» What the task requires:
Whenever a line in the entries includes the word "forall", copy that line out.

» Provided data:
-*-*-
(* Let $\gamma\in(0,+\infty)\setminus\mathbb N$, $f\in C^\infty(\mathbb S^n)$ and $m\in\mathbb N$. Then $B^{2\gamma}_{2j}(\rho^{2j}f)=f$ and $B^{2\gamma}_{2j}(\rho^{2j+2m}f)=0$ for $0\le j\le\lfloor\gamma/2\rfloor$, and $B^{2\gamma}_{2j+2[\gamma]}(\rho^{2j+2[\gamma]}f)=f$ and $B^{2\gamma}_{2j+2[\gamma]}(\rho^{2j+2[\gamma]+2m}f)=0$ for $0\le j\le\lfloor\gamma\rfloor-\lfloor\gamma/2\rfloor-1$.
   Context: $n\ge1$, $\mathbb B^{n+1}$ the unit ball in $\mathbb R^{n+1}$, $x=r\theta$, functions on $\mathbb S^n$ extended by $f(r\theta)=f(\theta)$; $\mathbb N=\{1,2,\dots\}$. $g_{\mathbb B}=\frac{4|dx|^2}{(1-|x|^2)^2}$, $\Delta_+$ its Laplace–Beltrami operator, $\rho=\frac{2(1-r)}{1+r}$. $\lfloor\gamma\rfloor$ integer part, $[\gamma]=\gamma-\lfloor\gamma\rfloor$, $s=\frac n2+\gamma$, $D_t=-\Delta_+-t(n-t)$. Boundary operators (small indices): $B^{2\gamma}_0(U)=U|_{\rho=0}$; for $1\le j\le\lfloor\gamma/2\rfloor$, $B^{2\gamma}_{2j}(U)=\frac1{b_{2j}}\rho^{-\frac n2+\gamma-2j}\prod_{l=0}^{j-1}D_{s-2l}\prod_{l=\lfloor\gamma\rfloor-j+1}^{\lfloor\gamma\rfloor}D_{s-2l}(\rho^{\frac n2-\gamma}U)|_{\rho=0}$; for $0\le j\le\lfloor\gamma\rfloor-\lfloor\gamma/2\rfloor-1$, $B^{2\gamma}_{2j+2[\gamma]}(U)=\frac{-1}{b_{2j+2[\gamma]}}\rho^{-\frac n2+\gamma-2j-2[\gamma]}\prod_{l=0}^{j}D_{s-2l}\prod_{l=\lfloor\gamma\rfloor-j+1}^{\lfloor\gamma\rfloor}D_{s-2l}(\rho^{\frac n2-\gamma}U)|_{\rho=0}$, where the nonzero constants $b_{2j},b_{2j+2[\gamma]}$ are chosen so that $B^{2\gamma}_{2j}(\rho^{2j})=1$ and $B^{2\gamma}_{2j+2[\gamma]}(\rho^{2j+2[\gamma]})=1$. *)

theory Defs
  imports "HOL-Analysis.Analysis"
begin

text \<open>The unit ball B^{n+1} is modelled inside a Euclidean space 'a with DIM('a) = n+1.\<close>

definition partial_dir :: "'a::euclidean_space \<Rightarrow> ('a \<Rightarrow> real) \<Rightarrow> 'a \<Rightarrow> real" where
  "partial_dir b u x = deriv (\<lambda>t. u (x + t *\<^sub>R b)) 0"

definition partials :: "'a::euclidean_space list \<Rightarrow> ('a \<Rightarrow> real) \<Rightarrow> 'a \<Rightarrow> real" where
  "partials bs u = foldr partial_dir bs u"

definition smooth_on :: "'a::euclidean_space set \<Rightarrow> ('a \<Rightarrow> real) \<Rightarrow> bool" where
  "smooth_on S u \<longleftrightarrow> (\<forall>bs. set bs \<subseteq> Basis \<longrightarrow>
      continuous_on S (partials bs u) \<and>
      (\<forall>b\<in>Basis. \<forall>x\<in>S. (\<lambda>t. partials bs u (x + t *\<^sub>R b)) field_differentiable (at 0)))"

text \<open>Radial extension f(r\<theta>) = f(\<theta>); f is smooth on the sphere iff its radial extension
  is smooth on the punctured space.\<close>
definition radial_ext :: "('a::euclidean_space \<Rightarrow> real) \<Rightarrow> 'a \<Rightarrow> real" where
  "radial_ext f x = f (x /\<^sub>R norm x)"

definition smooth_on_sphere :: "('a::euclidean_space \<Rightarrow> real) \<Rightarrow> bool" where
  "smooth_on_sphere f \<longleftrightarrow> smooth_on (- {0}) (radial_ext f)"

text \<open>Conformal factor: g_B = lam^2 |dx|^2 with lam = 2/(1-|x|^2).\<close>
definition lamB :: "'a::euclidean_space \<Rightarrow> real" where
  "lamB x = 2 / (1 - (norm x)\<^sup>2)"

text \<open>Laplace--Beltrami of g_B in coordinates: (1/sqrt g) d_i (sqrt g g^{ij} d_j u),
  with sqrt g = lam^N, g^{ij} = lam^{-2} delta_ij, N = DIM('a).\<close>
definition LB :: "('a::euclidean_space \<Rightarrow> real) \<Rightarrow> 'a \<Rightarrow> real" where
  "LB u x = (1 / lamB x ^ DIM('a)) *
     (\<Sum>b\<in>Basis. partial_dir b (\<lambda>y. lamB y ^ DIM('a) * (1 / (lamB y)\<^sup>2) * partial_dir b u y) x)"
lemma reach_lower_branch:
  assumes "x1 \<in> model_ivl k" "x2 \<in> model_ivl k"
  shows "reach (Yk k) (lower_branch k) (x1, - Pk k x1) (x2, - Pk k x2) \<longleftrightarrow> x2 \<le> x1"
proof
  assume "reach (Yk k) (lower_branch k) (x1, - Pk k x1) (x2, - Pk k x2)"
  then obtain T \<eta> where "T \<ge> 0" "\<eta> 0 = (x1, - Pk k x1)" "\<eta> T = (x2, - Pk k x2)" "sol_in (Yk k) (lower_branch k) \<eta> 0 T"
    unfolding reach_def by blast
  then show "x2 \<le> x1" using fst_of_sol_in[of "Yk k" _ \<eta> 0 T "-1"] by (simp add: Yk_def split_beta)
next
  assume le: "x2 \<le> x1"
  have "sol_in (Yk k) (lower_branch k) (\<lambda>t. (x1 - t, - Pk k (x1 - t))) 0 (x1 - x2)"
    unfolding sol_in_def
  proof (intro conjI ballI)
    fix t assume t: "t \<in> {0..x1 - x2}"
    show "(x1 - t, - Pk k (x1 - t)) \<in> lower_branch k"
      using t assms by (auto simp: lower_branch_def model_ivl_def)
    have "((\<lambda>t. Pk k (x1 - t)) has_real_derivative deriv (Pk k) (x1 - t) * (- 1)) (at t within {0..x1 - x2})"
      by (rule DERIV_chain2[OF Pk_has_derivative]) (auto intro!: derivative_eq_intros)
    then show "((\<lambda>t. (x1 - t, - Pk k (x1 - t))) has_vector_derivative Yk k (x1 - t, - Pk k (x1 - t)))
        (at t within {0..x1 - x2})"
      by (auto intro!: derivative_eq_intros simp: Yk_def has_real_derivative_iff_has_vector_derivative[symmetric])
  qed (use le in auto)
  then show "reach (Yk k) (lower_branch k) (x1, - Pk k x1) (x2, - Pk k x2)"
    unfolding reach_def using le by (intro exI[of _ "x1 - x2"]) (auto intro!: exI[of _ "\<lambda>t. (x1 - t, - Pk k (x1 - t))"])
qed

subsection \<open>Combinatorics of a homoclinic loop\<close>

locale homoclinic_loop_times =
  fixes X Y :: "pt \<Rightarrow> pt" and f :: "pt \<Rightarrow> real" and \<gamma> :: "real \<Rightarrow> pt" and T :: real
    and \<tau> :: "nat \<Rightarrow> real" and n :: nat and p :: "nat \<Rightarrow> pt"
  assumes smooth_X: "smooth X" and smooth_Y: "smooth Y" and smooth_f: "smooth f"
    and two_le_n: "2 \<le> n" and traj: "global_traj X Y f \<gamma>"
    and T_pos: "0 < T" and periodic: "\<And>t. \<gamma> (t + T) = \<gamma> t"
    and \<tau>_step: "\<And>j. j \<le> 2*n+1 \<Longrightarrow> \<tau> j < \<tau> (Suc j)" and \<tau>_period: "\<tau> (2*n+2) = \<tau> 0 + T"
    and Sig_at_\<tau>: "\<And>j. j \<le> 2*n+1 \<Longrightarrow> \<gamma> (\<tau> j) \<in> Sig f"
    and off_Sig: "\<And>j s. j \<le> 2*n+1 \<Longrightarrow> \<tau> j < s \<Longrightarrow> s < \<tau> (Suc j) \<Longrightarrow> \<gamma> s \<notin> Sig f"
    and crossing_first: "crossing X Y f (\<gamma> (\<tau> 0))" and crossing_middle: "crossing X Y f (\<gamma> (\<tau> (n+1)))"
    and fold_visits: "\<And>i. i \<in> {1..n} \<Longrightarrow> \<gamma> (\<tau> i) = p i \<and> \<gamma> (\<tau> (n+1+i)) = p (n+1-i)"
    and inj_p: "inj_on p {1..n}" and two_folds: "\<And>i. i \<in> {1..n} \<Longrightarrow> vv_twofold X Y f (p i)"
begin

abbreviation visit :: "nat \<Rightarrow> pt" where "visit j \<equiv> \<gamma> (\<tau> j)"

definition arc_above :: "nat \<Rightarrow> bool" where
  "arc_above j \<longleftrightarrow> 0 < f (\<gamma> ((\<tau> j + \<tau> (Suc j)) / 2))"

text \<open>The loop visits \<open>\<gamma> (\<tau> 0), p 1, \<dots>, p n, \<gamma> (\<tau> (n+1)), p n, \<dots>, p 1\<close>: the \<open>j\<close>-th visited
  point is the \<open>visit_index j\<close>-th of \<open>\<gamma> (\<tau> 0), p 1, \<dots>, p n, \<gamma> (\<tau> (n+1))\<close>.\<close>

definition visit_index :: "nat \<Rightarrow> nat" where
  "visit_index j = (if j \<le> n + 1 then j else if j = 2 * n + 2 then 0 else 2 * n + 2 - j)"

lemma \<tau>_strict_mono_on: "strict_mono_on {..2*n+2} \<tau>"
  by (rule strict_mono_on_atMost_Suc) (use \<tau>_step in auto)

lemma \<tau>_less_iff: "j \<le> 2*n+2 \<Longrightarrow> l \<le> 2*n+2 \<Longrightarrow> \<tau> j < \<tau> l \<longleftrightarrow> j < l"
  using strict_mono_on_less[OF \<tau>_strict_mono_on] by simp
-*-*-
» Expected output:
  "smooth_on S u \<longleftrightarrow> (\<forall>bs. set bs \<subseteq> Basis \<longrightarrow>
      (\<forall>b\<in>Basis. \<forall>x\<in>S. (\<lambda>t. partials bs u (x + t *\<^sub>R b)) field_differentiable (at 0)))"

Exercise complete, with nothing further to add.